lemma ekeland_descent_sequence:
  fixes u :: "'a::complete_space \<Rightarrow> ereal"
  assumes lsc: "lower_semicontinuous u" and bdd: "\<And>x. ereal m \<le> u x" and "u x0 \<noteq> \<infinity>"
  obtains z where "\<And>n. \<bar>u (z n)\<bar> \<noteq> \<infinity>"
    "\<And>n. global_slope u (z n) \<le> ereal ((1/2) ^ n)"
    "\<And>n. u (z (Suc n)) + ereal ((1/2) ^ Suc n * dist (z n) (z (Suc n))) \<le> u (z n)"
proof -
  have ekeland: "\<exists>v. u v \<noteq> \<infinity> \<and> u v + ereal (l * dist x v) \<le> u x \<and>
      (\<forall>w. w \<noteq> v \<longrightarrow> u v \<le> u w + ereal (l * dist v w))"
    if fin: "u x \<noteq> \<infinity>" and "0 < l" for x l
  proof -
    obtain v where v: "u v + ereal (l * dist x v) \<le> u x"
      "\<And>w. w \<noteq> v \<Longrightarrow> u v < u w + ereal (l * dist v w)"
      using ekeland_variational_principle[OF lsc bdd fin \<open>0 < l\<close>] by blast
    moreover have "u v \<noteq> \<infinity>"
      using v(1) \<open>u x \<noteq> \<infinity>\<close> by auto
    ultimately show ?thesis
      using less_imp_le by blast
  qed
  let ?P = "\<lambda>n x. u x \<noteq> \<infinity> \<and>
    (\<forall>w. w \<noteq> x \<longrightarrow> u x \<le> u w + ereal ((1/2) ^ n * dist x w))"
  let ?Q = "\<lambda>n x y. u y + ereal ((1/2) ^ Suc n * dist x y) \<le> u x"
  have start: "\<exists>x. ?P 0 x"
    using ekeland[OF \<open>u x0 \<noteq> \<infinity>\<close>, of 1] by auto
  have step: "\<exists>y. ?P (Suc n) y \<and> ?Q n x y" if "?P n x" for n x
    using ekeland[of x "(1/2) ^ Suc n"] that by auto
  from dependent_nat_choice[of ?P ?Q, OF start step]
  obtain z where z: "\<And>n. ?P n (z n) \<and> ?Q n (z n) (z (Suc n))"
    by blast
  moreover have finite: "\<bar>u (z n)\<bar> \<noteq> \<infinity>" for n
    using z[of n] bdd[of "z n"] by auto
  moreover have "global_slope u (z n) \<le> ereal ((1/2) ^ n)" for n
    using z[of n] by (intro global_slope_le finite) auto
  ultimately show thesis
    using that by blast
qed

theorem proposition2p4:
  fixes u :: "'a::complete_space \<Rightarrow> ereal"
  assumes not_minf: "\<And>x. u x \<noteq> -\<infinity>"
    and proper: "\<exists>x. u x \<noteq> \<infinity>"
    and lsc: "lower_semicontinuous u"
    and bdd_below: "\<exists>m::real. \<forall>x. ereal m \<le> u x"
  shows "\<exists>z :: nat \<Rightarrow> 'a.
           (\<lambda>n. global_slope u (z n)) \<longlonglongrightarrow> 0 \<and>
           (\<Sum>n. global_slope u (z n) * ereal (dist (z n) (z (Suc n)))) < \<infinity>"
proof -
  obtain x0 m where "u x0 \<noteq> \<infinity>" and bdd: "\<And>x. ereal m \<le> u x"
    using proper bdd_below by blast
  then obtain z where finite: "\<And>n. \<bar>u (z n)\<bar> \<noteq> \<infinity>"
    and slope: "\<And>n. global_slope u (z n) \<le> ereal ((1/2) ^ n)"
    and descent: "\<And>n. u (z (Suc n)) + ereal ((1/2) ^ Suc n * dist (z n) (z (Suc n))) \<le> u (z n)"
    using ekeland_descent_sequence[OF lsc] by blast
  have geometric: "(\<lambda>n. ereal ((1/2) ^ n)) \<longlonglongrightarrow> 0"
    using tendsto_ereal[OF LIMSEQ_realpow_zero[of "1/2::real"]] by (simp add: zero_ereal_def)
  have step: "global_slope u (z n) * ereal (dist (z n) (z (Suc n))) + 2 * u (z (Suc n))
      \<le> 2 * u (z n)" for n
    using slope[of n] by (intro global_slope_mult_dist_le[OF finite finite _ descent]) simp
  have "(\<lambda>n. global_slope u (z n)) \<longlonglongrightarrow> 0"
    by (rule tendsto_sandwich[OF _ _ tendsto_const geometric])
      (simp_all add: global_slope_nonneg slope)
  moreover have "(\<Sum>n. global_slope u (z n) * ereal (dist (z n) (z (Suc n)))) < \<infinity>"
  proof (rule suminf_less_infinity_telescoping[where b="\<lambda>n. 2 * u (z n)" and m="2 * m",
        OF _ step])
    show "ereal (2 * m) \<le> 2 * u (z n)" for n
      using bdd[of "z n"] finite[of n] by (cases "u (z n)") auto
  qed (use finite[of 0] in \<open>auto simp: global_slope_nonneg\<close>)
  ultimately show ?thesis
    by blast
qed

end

....

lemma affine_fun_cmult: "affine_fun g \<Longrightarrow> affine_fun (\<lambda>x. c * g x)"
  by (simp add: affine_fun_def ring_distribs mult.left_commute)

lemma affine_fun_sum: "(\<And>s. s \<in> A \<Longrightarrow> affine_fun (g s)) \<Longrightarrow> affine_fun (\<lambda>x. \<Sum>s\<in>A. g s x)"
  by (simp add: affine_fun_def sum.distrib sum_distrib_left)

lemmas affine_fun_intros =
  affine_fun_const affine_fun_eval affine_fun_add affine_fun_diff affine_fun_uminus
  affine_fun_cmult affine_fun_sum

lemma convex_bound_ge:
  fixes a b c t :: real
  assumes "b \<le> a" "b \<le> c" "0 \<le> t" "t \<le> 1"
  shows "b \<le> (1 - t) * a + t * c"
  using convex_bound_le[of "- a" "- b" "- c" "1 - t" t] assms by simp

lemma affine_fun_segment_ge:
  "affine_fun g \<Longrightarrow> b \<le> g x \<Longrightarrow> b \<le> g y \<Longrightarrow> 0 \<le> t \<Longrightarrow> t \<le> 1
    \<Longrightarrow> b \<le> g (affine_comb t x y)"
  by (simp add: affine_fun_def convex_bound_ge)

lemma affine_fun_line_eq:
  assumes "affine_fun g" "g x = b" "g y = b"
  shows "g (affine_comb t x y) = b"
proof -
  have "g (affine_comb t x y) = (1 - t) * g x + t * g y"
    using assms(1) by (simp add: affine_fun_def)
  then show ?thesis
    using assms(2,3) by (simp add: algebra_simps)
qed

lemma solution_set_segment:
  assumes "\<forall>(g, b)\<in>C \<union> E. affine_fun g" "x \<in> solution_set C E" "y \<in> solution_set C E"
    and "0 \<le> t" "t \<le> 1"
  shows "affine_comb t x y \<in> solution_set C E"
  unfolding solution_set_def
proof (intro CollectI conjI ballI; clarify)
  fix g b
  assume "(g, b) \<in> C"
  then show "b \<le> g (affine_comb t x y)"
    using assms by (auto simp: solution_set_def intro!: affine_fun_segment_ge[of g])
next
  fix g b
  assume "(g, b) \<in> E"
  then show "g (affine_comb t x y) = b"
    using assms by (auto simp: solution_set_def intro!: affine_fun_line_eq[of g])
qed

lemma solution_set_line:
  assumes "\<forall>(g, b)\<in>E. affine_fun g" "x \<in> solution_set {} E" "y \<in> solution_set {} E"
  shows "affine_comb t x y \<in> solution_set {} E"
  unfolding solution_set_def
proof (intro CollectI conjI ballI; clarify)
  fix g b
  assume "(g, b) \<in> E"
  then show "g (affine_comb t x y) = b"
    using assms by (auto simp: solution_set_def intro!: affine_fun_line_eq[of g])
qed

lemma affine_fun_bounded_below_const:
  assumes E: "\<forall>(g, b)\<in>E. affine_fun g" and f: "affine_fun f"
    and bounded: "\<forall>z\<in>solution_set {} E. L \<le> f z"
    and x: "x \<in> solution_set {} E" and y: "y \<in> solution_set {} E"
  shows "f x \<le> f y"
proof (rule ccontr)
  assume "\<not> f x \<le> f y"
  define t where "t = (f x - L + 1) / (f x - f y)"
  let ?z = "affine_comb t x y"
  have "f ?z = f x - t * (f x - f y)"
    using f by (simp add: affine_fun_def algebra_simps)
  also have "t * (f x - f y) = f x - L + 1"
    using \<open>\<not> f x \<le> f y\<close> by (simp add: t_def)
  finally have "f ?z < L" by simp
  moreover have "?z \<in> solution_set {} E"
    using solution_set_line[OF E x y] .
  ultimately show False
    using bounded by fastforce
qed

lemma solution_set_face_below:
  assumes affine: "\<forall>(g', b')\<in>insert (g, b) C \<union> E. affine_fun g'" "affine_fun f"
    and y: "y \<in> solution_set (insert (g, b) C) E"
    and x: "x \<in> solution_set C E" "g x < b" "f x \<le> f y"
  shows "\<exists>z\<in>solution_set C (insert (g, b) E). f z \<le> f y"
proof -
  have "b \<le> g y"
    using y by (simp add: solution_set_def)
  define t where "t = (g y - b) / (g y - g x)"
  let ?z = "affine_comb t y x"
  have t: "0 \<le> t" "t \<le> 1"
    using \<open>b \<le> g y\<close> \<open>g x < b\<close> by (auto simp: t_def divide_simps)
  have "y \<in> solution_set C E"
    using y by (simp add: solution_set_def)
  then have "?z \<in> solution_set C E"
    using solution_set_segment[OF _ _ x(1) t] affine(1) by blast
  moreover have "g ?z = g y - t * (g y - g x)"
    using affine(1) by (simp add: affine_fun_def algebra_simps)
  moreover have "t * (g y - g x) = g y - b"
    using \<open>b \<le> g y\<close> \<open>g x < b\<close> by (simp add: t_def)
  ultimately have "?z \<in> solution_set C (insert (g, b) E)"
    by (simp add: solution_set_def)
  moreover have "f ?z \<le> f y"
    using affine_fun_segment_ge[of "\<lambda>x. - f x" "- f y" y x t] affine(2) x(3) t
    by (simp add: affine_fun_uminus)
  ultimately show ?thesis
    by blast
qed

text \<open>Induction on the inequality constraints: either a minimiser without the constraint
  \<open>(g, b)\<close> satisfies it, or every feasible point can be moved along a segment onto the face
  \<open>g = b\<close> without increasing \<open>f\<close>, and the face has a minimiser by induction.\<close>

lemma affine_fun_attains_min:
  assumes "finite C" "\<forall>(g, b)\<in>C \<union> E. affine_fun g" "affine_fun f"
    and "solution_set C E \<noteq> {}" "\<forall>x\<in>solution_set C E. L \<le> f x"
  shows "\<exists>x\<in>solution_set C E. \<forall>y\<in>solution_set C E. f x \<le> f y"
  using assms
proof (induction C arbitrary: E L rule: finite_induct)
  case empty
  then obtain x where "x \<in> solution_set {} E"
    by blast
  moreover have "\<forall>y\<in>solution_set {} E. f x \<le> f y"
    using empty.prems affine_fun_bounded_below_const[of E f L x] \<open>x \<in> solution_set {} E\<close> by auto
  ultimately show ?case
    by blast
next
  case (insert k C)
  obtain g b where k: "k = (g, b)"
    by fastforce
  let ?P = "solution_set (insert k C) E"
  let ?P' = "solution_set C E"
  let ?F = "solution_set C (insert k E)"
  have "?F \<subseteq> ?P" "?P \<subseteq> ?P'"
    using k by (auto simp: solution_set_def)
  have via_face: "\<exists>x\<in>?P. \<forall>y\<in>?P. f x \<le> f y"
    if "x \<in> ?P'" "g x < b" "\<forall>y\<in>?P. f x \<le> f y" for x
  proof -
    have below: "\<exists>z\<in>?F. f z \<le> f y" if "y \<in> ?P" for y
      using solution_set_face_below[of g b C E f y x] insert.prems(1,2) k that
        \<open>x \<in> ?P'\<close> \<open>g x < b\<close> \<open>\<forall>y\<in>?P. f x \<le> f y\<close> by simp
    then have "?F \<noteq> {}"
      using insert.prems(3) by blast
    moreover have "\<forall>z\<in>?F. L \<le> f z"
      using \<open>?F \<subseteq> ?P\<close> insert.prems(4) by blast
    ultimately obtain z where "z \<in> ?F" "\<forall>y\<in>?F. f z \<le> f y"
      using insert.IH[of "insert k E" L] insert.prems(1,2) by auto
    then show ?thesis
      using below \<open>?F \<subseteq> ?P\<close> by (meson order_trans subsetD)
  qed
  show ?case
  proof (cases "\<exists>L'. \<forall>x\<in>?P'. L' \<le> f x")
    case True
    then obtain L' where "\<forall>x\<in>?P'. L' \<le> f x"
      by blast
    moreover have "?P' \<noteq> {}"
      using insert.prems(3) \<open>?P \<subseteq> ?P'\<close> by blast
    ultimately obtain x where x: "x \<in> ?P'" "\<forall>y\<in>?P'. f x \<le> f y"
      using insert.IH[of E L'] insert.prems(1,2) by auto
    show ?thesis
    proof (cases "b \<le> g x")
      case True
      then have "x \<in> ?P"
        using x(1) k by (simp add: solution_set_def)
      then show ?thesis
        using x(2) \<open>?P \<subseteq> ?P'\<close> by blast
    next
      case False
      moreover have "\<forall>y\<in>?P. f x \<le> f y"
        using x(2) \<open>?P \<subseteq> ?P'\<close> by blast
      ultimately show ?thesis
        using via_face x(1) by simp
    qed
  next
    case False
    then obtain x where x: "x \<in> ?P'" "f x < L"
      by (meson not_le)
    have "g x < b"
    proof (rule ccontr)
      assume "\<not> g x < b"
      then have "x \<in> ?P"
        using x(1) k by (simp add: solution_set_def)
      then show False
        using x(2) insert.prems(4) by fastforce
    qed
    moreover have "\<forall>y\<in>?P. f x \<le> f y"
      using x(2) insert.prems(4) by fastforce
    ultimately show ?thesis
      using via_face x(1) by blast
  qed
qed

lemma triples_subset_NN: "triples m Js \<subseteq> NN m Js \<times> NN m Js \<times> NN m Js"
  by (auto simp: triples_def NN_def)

....

**Task description**
Take every line of the material that contains the word "geometric", and copy it.

**Finished exercise**
  have geometric: "(\<lambda>n. ereal ((1/2) ^ n)) \<longlonglongrightarrow> 0"
    by (rule tendsto_sandwich[OF _ _ tendsto_const geometric])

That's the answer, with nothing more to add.